The stamp duty paid on residential property sales in New South Wales in the first quarter of the 2014/2015 financial year has risen by $500 million compared to the same period last year, prompting one industry body to call for a review of this “enormous windfall” for the state government.
First quarter figures from the Office of State Revenue for the 2014/2015 financial year show the sharp rise in stamp duty takings, with the Real Estate Institute of New South Wales (REINSW) saying the increase is well above the government’s forecasts.
“This is already more than double the June state budget forecast of a $200 million increase in stamp duty for the entire 2014/2015 financial year,” REINSW deputy president John Cunningham said.
Mr Cunningham said it is time to review the charges imposed on property buyers in New South Wales.
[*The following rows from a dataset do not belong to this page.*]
lemma mult_powr_inverse_le:
  fixes N B x :: real
  assumes "p > 0" "N \<ge> 0" "x > 0" "N * x ^ p \<le> B"
  shows "x * N powr (1 / real p) \<le> B powr (1 / real p)"
proof -
  have "(N * x ^ p) powr (1 / real p) = x * N powr (1 / real p)"
    using assms(1-3) by (simp add: powr_mult powr_realpow[symmetric] powr_powr)
  moreover have "(N * x ^ p) powr (1 / real p) \<le> B powr (1 / real p)"
    using assms by (intro powr_mono2) auto
  ultimately show ?thesis
    by simp
qed

lemma mult_power_div_exp_le:
  fixes N B C :: real
  assumes "C > 0" "1 \<le> C ^ p" "N \<ge> 0" "N * fact p \<le> B * C ^ p"
  shows "N * (real p / (exp 1 * C ^ 2)) ^ p \<le> B"
proof -
  have "0 \<le> B * C ^ p"
    using assms(3,4) by (meson fact_ge_zero mult_nonneg_nonneg order_trans)
  then have "B \<ge> 0"
    using \<open>1 \<le> C ^ p\<close> by (simp add: zero_le_mult_iff)
  have "N * (real p / (exp 1 * C ^ 2)) ^ p = N * (real p / exp 1) ^ p / (C ^ p)\<^sup>2"
    by (simp add: power_divide power_mult_distrib flip: power_mult) (simp add: mult.commute)
  also have "\<dots> \<le> N * fact p / (C ^ p)\<^sup>2"
    using power_div_exp_le_fact[of p] \<open>N \<ge> 0\<close> by (intro divide_right_mono mult_left_mono) auto
  also have "\<dots> \<le> B * C ^ p / (C ^ p)\<^sup>2"
    using assms(4) by (intro divide_right_mono) auto
  also have "\<dots> = B / C ^ p"
    using \<open>C > 0\<close> by (simp add: power2_eq_square)
  also have "\<dots> \<le> B"
    using \<open>1 \<le> C ^ p\<close> \<open>B \<ge> 0\<close> by (simp add: divide_le_eq mult_le_cancel_left1)
  finally show ?thesis .
qed

theorem claim9p3:
  fixes C :: real and k p :: nat and \<T> :: "ptree set"
  assumes "C > 0"
    and "\<And>t. t \<in> \<T> \<Longrightarrow> kp_tree k p t \<and> C_nice C p t"
  shows "real (b k p) powr (1 / real p) \<ge> real p / (exp 1 * C ^ 2) * real (card \<T>) powr (1 / real p)"
proof (cases "p = 0 \<or> card \<T> = 0")
  case False
  then have "p > 0" "finite \<T>" "\<T> \<noteq> {}"
    by (auto simp: card_gt_0_iff simp del: card_eq_0_iff)
  then obtain t where "t \<in> \<T>"
    by blast
  have "1 \<le> real (tran t)" "real (tran t) \<le> C ^ p"
    using tran_pos[of t] assms(2)[OF \<open>t \<in> \<T>\<close>] by (simp_all add: C_nice_def)
  then have "1 \<le> C ^ p"
    by linarith
  have "real (card \<T> * fact p) \<le> real (b k p) * C ^ p"
    using assms by (intro card_mult_fact_le_b[OF \<open>finite \<T>\<close>]) (simp_all add: C_nice_def)
  then have "real (card \<T>) * (real p / (exp 1 * C ^ 2)) ^ p \<le> real (b k p)"
    using mult_power_div_exp_le[OF \<open>C > 0\<close> \<open>1 \<le> C ^ p\<close>] by simp
  moreover have "real p / (exp 1 * C ^ 2) > 0"
    using \<open>p > 0\<close> \<open>C > 0\<close> by simp
  ultimately show ?thesis
    using mult_powr_inverse_le[OF \<open>p > 0\<close> of_nat_0_le_iff] by blast
qed auto

end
“The only transfer duty rate change that has been made in NSW since the Duties Act came into force on 1 July 1988 has been the introduction of the premium property rate of seven per cent for residential properties in excess of $3 million.
“There has never been a review of the transfer duty thresholds in NSW to recognise bracket creep.
“The current two lowest transfer duty thresholds in NSW have been in place since 18 December 1974, 39 years, while the other thresholds (apart from the premium property duty) have been in place since 18 December 1986, some 27 years.”
Mr Cunningham said high stamp duty rates are major barriers for first home buyers and the existing brackets no longer reflect current property prices.
“Now is the time to amend this injustice and further help first home buyers and those seeking to upsize to the next level of property, which is being restricted by the current stamp duty farce,” he said.
Mr Cunningham said current incentives for first-time buyers were not working because grants are only available to those who purchase new properties.
“The current incentives for first home buyers are simply not working. By offering grants on new builds only, they are pitting first home buyers against cashed-up investors as well as foreign investors.
“There really is no excuse for the government not to provide this much-needed further assistance.”